Allanon’s Quest
- First edition
- Author: Terry Brooks
- Cover artist: Stephen Youll
- Language: English
- Series: Paladins of Shannara
- Genre: Fantasy
- Publisher: Del Rey Books
- Publication date: July 9, 2012
- Publication place: United States
- Media type: eBook
- Pages: 39 pp
- Preceded by: First King of Shannara
- Followed by: The Sword of Shannara

= Allanon's Quest =

2012 short story by Terry Brooks

"Allanon's Quest" is a fantasy short story by Terry Brooks in his Shannara series. It is the first in a trilogy of short stories that make up the Paladins of Shannara series, first published in 2012.

==Plot summary==
Allanon is on a desperate quest to find the last heir of Shannara before the Skull Bearers can wipe them all out. His quest takes him to the small village of Archer Trace, where he interrogates an innkeeper about the whereabouts of Eldra Derrivanian. Eldra is an elf who worked for the Elessedil Royal family as a historian that specialized in genealogy. After his son was killed under mysterious circumstances while serving in the Home Guard, Eldra felt the king did not do enough to discover who the killer was and bring him to justice. He then began neglecting and sabotaging his work, and eventually was dismissed. In disgrace, he left Arborlon with his wife and went into hiding near Archer Trace. After tracking him down, Allanon questions him as to whom the last heir of Shannara is and Eldra tells him that it is a man named Weir.

Allanon travels to Weir's home, and wonders about Eldra's strange behavior. He seemed tense and afraid. When he arrives at Weir's home he is attacked and takes a dagger to the chest, but using Druid magic he is able to kill most of his attackers, while the rest flee. During the assault, Allanon uses one of his attackers as a human shield. The man is pierced and killed by arrows. Afterwards, a Skull Bearer reveals himself long enough to tell Allanon that the man he used as a human shield was Weir, last heir of Shannara.

Allanon retreats to the home of friends where he is healed of his wounds by medicine and magic, then returns to the home of Eldra. Eldra seems relieved to see him, and Allanon immediately knows he didn't expect him to survive. Eldra confesses that he had been ordered by the Skull Bearer to set Allanon up. The Skull Bearer had been in his bedroom during Allanon's visit, and had threatened to murder his wife if he didn't tell Allanon exactly what he was told.
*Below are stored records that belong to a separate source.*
(* For any $\delta>0$ there exists $c=c(\delta)>0$ such that the following holds. For any $\varepsilon\in(0,c)$, any simple graph $G=(V,E)$ on $n\ge\varepsilon^{-2}$ vertices with minimal degree at least $\delta n$, any $U\subset V$ with $|U|\ge\varepsilon\sqrt n$ and any vertex $v$ of $G$, \[ \Pr_v\left(X\left[0,2\left(t^G_{\mathrm{mix}}(\varepsilon/2)+\lfloor\sqrt n\rfloor\right)\right]\cap U=\varnothing\right)\le 1-\frac{\varepsilon\delta}{4}, \] where $X$ is the (non-lazy) simple random walk on $G$ started at $v$.
   Context: $t^G_{\mathrm{mix}}(\varepsilon)=\max_v\min\{t\ge0:\|\mathbf p^t(v,\cdot)-\pi\|_{\mathrm{TV}}<\varepsilon\}$ is defined for the lazy random walk on $G$ (stay put with probability $1/2$, otherwise move to a uniform neighbour), with $\pi(v)=\deg(v)/2|E|$ and total variation distance $\frac12\sum_v|\mu(v)-\nu(v)|$. For $a,b\ge0$, $X[a,b]$ denotes the set $\{X_i: i\in[\lceil a\rceil,\lfloor b\rfloor]\cap\mathbb N\}$.
   Formalization: From every vertex of G the lazy random walk comes strictly within total variation distance $\varepsilon/2$ of $\pi$ at some time, so $t^G_{\mathrm{mix}}(\varepsilon/2)$ is assumed finite. The statement above fails without it. *)

theory Defs
  imports Complex_Main
begin
lemma scaleC_zero_right [simp]: "scaleC c (0::'a::complex_inner) = 0"
  using scaleC_add_right[of c 0 0] by simp

lemma bounded_clinear_scaleC: "bounded_clinear T \<Longrightarrow> T (scaleC c x) = scaleC c (T x)"
  unfolding bounded_clinear_def by blast

lemma bounded_clinear_linear: "bounded_clinear T \<Longrightarrow> linear T"
  unfolding bounded_clinear_def using bounded_linear.linear by blast

lemma positive_op_selfadjoint:
  assumes "positive_op A"
  shows "cinner (A x) y = cinner x (A y)"
proof -
  have lin: "linear A" and scaleC: "\<And>c u. A (scaleC c u) = scaleC c (A u)"
    using assms bounded_clinear_linear bounded_clinear_scaleC unfolding positive_op_def by blast+
  have real: "Im (cinner (A u) u) = 0" for u
    using assms unfolding positive_op_def by blast
  define a b where "a = cinner (A x) y" and "b = cinner (A y) x"
  have "cinner (A (x + y)) (x + y) = cinner (A x) x + a + b + cinner (A y) y"
    by (simp add: a_def b_def linear_add[OF lin] cinner.add_left cinner.add_right)
  then have "Im a + Im b = 0" using real[of "x + y"] real[of x] real[of y] by simp
  moreover have "cinner (A (x + scaleC \<i> y)) (x + scaleC \<i> y)
      = cinner (A x) x - \<i> * a + \<i> * b + cinner (A y) y"
    by (simp add: a_def b_def linear_add[OF lin] scaleC cinner.add_left cinner.add_right
        cinner_scaleC_left cinner.scaleC_right algebra_simps)
  then have "Re b - Re a = 0" using real[of "x + scaleC \<i> y"] real[of x] real[of y] by simp
  ultimately have "a = cnj b" by (simp add: complex_eq_iff)
  then show ?thesis by (simp add: a_def b_def cinner_commute[of x])
qed
lemma ul_one_le_imp_refl:
  assumes "UL_algebra A" "x \<in> ucarrier A"
  shows "ul_le A (uone A) (uimp A x x)"
proof -
  have one: "uone A \<in> ucarrier A" using assms unfolding UL_algebra_def Let_def by blast
  then have "umult A x (uone A) = x"
    using assms unfolding UL_algebra_def Let_def by metis
  moreover have "ul_le A (umult A x (uone A)) x \<longleftrightarrow> ul_le A (uone A) (uimp A x x)"
    using assms one unfolding UL_algebra_def Let_def by blast
  ultimately show ?thesis using ul_le_refl[OF assms] by simp
qed

lemma isomorphic_refl: "isomorphic M M"
  unfolding isomorphic_def embedding_def by (rule exI[of _ id]) auto

lemma K1_substructure_closed:
  assumes "M \<in> K1 A" "substructure N M" "fst N \<noteq> {}"
  shows "N \<in> K1 A"
  using assms unfolding K1_def A_structure_def substructure_def
  by (auto intro: finite_subset) (metis subsetD)+

lemma hereditary_K1: "hereditary (K1 A)"
  unfolding hereditary_def using K1_substructure_closed isomorphic_refl by blast

definition amalgam_left :: "nat \<Rightarrow> nat" where
  "amalgam_left x = 2 * x"

definition amalgam_right :: "nat set \<Rightarrow> nat \<Rightarrow> nat" where
  "amalgam_right Z x = (if x \<in> Z then 2 * x else Suc (2 * x))"

text \<open>The copies of \<open>M\<^sub>1\<close> and \<open>M\<^sub>2\<close> are placed on even numbers and odd numbers, except
  that the points of \<open>Z\<close> (the common substructure) are identified.\<close>
definition free_amalgam ::
    "'a ul_alg \<Rightarrow> nat set \<Rightarrow> (nat, 'a) astr \<Rightarrow> (nat, 'a) astr \<Rightarrow> (nat, 'a) astr" where
  "free_amalgam A Z M1 M2 =
     (let D1 = amalgam_left ` fst M1; D2 = amalgam_right Z ` fst M2 in
      (D1 \<union> D2, \<lambda>u v. if u \<in> D1 \<and> v \<in> D1 then snd M1 (u div 2) (v div 2)
                     else if u \<in> D2 \<and> v \<in> D2 then snd M2 (u div 2) (v div 2)
                     else ubot A))"

lemma amalgam_left_div2 [simp]: "amalgam_left x div 2 = x"
  unfolding amalgam_left_def by simp

lemma amalgam_right_div2 [simp]: "amalgam_right Z x div 2 = x"
  unfolding amalgam_right_def by simp

lemma amalgam_right_in_left_image:
  assumes "amalgam_right Z x \<in> amalgam_left ` S"
  shows "x \<in> Z \<and> x \<in> S"
  using assms unfolding amalgam_left_def amalgam_right_def
  by (auto split: if_splits) presburger+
The Warlock Lord not only wanted Shannara's last heir dead, but he wanted him dead by Allanon's hand as revenge for Bremen casting him out of the Druid Keep. He wanted Allanon to know that he was responsible for the death of the Four Lands' last hope. Eldra reveals, however, that Weir was an evil man that allied himself to the Warlock Lord, and would have been no help anyway. He also reveals that Weir was not the last heir of Shannara. Aren Shea is. He has just reached manhood, and now goes by Shea Ohmsford. Shea's parents were murdered mysteriously, so Eldra and his wife hid the boy and later left him in the care of the Ohmsfords. Eldra then takes his own life to protect this secret from the Skull Bearers and to protect his wife, knowing that the Skull Bearers won't bother with her if he is dead. Allanon sets off to find Shea.

==Characters==
The characters:
- Allanon is a Druid who has been alive for around 400 years through the use of Druid Sleep.
- Eldra Derrivanian is an Elven historian of genealogy.